> **Work to be completed**
Repeat verbatim, and only, the lines of the data below, beginning at the line that contains "(* Assume $\alpha,\beta>1$, $\lambda>0$" and stopping after the line that contains "real) \<Rightarrow> nat".

> **Data provided**
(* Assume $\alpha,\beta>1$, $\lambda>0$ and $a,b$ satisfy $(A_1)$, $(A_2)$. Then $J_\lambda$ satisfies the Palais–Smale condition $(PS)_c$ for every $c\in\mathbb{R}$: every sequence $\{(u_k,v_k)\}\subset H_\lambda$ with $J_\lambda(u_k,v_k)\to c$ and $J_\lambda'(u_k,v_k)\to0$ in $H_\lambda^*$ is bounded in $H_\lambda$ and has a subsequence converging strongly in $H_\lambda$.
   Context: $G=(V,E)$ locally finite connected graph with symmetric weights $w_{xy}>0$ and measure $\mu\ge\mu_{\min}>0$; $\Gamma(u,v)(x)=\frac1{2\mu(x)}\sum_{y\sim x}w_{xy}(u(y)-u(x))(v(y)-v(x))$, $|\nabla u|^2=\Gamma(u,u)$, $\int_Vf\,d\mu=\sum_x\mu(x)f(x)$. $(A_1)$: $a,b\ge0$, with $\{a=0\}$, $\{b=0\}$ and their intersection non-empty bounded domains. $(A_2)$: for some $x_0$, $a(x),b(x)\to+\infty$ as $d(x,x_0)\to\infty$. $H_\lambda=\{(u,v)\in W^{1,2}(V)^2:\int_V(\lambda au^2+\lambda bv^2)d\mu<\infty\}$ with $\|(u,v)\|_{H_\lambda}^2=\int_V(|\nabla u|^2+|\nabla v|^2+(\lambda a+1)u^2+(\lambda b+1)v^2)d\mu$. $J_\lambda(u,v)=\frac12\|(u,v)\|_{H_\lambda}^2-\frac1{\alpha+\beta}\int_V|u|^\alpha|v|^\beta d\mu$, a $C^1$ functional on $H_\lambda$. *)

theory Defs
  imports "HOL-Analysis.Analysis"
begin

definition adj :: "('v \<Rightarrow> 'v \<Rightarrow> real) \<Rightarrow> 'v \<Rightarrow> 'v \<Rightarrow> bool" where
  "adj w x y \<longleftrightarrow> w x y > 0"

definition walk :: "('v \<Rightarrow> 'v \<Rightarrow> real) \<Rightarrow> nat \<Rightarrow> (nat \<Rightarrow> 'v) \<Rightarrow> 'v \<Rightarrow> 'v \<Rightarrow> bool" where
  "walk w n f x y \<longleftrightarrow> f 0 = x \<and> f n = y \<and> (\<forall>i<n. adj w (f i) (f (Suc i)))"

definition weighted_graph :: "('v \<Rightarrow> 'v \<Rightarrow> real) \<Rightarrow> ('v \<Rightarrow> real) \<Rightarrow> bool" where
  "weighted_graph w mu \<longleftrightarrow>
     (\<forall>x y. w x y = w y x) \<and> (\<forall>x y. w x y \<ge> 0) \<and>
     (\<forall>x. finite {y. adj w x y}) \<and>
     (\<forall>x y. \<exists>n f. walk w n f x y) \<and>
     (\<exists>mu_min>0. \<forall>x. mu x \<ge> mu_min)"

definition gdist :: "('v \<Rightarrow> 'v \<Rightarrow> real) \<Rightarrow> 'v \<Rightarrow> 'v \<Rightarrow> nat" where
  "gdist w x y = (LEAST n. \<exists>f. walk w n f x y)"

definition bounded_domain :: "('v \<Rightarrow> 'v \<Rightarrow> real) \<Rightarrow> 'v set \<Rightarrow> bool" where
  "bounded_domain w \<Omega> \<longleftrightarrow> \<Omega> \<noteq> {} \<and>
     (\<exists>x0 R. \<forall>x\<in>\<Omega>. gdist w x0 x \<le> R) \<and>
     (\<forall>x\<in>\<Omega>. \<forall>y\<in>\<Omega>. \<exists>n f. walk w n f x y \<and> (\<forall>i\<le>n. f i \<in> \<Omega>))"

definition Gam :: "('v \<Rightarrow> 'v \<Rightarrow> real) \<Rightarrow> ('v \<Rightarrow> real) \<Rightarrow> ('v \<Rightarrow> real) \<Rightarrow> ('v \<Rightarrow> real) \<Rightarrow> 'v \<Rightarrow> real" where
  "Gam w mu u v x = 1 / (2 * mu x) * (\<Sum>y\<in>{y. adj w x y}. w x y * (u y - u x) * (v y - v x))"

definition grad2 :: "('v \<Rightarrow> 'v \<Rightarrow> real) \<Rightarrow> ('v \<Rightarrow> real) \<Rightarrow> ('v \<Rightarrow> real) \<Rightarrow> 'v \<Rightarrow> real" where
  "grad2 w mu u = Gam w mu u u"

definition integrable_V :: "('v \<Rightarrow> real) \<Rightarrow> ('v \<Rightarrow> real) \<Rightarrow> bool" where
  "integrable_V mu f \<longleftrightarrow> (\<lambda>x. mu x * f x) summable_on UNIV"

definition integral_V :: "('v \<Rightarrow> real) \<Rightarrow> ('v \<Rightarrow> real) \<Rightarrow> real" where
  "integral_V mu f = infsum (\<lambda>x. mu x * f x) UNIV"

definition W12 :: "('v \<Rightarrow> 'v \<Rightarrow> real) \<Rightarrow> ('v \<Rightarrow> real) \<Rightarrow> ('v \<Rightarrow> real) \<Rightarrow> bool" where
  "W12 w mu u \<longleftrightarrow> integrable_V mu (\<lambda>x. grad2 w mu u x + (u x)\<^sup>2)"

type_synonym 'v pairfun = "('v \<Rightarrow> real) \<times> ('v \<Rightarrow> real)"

...

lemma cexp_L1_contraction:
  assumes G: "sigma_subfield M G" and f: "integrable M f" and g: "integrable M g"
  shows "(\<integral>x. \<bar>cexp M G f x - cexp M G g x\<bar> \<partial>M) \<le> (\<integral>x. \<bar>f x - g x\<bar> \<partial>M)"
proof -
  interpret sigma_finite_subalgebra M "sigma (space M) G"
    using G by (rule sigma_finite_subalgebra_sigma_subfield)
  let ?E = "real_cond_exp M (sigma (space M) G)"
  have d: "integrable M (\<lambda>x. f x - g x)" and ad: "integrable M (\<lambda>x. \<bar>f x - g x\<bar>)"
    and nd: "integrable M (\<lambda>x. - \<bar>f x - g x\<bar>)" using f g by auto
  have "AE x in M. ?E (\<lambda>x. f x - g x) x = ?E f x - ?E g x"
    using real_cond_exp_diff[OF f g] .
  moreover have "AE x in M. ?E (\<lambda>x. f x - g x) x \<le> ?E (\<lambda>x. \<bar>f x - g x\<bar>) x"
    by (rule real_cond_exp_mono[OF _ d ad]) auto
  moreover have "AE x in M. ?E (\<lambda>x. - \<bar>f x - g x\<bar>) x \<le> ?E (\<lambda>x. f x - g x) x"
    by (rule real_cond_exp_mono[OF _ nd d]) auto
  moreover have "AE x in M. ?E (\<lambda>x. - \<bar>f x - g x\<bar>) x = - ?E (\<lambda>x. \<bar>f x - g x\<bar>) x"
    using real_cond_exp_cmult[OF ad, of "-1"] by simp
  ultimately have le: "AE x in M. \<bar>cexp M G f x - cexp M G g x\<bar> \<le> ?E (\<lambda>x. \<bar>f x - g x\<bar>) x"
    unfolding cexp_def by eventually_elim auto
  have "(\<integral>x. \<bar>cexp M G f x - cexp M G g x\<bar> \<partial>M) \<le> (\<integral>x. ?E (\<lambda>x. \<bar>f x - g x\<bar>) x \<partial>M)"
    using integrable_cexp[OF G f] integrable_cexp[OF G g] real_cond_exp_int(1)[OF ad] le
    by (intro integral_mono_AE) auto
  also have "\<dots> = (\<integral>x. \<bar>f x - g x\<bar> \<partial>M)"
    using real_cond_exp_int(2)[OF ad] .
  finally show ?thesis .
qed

==

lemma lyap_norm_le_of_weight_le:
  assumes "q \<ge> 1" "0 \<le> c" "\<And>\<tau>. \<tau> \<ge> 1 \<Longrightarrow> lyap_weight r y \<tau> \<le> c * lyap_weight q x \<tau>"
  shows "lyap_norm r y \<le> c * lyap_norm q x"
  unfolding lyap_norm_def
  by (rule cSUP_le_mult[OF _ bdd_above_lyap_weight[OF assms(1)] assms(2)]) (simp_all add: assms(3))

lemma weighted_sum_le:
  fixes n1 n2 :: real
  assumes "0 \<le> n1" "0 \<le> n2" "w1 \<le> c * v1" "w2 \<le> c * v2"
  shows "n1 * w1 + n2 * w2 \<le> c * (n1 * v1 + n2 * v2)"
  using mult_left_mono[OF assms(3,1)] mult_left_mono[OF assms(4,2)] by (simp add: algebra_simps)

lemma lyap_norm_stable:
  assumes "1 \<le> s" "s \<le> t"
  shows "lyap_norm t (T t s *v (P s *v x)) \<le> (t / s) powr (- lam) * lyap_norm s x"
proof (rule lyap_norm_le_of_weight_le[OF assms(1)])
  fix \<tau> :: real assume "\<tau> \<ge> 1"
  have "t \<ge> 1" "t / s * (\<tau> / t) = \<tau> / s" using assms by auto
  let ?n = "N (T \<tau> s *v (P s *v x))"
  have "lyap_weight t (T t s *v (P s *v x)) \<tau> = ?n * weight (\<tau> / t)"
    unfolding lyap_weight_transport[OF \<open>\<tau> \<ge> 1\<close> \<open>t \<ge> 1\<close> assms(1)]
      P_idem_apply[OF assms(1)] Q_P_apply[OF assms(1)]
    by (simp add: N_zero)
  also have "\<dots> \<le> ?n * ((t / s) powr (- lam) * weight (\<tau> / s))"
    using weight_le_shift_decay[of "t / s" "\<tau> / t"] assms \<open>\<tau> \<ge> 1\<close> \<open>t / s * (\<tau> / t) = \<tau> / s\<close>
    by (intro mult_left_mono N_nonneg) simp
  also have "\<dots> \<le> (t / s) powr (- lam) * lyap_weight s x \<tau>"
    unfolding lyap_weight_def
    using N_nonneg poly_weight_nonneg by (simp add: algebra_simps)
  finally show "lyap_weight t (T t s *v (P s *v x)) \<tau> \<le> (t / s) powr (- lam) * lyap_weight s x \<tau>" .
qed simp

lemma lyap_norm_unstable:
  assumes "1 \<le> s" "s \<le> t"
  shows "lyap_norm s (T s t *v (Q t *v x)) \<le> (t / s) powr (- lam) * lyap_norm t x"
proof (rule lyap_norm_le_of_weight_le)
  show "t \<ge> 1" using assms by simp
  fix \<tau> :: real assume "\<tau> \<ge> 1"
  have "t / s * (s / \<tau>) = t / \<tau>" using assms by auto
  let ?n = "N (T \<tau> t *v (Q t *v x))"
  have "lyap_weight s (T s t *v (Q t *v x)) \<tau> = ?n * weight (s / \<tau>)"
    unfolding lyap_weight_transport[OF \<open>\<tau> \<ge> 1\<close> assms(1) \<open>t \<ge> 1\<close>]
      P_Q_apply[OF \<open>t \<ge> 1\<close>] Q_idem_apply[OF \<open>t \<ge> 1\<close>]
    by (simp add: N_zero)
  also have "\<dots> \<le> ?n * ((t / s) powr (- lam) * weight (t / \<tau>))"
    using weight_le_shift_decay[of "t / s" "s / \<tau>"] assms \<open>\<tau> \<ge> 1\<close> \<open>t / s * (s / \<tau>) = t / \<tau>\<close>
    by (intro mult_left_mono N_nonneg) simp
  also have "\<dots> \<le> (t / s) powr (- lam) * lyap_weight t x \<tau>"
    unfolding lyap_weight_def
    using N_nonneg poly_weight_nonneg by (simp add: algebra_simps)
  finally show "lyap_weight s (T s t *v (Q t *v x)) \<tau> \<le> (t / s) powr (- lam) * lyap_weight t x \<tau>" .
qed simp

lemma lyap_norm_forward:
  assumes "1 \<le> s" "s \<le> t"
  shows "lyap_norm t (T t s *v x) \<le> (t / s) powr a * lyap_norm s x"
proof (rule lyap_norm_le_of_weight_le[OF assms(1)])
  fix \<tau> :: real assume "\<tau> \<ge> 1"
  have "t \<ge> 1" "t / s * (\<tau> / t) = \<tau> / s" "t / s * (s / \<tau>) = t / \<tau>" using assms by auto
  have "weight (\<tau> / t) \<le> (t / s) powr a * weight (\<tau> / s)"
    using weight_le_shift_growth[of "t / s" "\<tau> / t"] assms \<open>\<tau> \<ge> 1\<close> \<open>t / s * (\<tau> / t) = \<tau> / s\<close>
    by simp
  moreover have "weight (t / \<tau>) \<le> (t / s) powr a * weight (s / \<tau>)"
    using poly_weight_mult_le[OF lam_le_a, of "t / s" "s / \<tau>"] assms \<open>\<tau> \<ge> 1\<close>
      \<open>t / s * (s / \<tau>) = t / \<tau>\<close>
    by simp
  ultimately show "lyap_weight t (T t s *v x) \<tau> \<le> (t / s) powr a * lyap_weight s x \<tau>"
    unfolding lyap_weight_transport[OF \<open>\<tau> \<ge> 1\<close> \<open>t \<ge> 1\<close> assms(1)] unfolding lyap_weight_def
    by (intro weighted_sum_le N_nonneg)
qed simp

> **Exercise output**
(* Assume $\alpha,\beta>1$, $\lambda>0$ and $a,b$ satisfy $(A_1)$, $(A_2)$. Then $J_\lambda$ satisfies the Palais–Smale condition $(PS)_c$ for every $c\in\mathbb{R}$: every sequence $\{(u_k,v_k)\}\subset H_\lambda$ with $J_\lambda(u_k,v_k)\to c$ and $J_\lambda'(u_k,v_k)\to0$ in $H_\lambda^*$ is bounded in $H_\lambda$ and has a subsequence converging strongly in $H_\lambda$.
   Context: $G=(V,E)$ locally finite connected graph with symmetric weights $w_{xy}>0$ and measure $\mu\ge\mu_{\min}>0$; $\Gamma(u,v)(x)=\frac1{2\mu(x)}\sum_{y\sim x}w_{xy}(u(y)-u(x))(v(y)-v(x))$, $|\nabla u|^2=\Gamma(u,u)$, $\int_Vf\,d\mu=\sum_x\mu(x)f(x)$. $(A_1)$: $a,b\ge0$, with $\{a=0\}$, $\{b=0\}$ and their intersection non-empty bounded domains. $(A_2)$: for some $x_0$, $a(x),b(x)\to+\infty$ as $d(x,x_0)\to\infty$. $H_\lambda=\{(u,v)\in W^{1,2}(V)^2:\int_V(\lambda au^2+\lambda bv^2)d\mu<\infty\}$ with $\|(u,v)\|_{H_\lambda}^2=\int_V(|\nabla u|^2+|\nabla v|^2+(\lambda a+1)u^2+(\lambda b+1)v^2)d\mu$. $J_\lambda(u,v)=\frac12\|(u,v)\|_{H_\lambda}^2-\frac1{\alpha+\beta}\int_V|u|^\alpha|v|^\beta d\mu$, a $C^1$ functional on $H_\lambda$. *)

theory Defs
  imports "HOL-Analysis.Analysis"
begin

definition adj :: "('v \<Rightarrow> 'v \<Rightarrow> real) \<Rightarrow> 'v \<Rightarrow> 'v \<Rightarrow> bool" where
  "adj w x y \<longleftrightarrow> w x y > 0"

definition walk :: "('v \<Rightarrow> 'v \<Rightarrow> real) \<Rightarrow> nat \<Rightarrow> (nat \<Rightarrow> 'v) \<Rightarrow> 'v \<Rightarrow> 'v \<Rightarrow> bool" where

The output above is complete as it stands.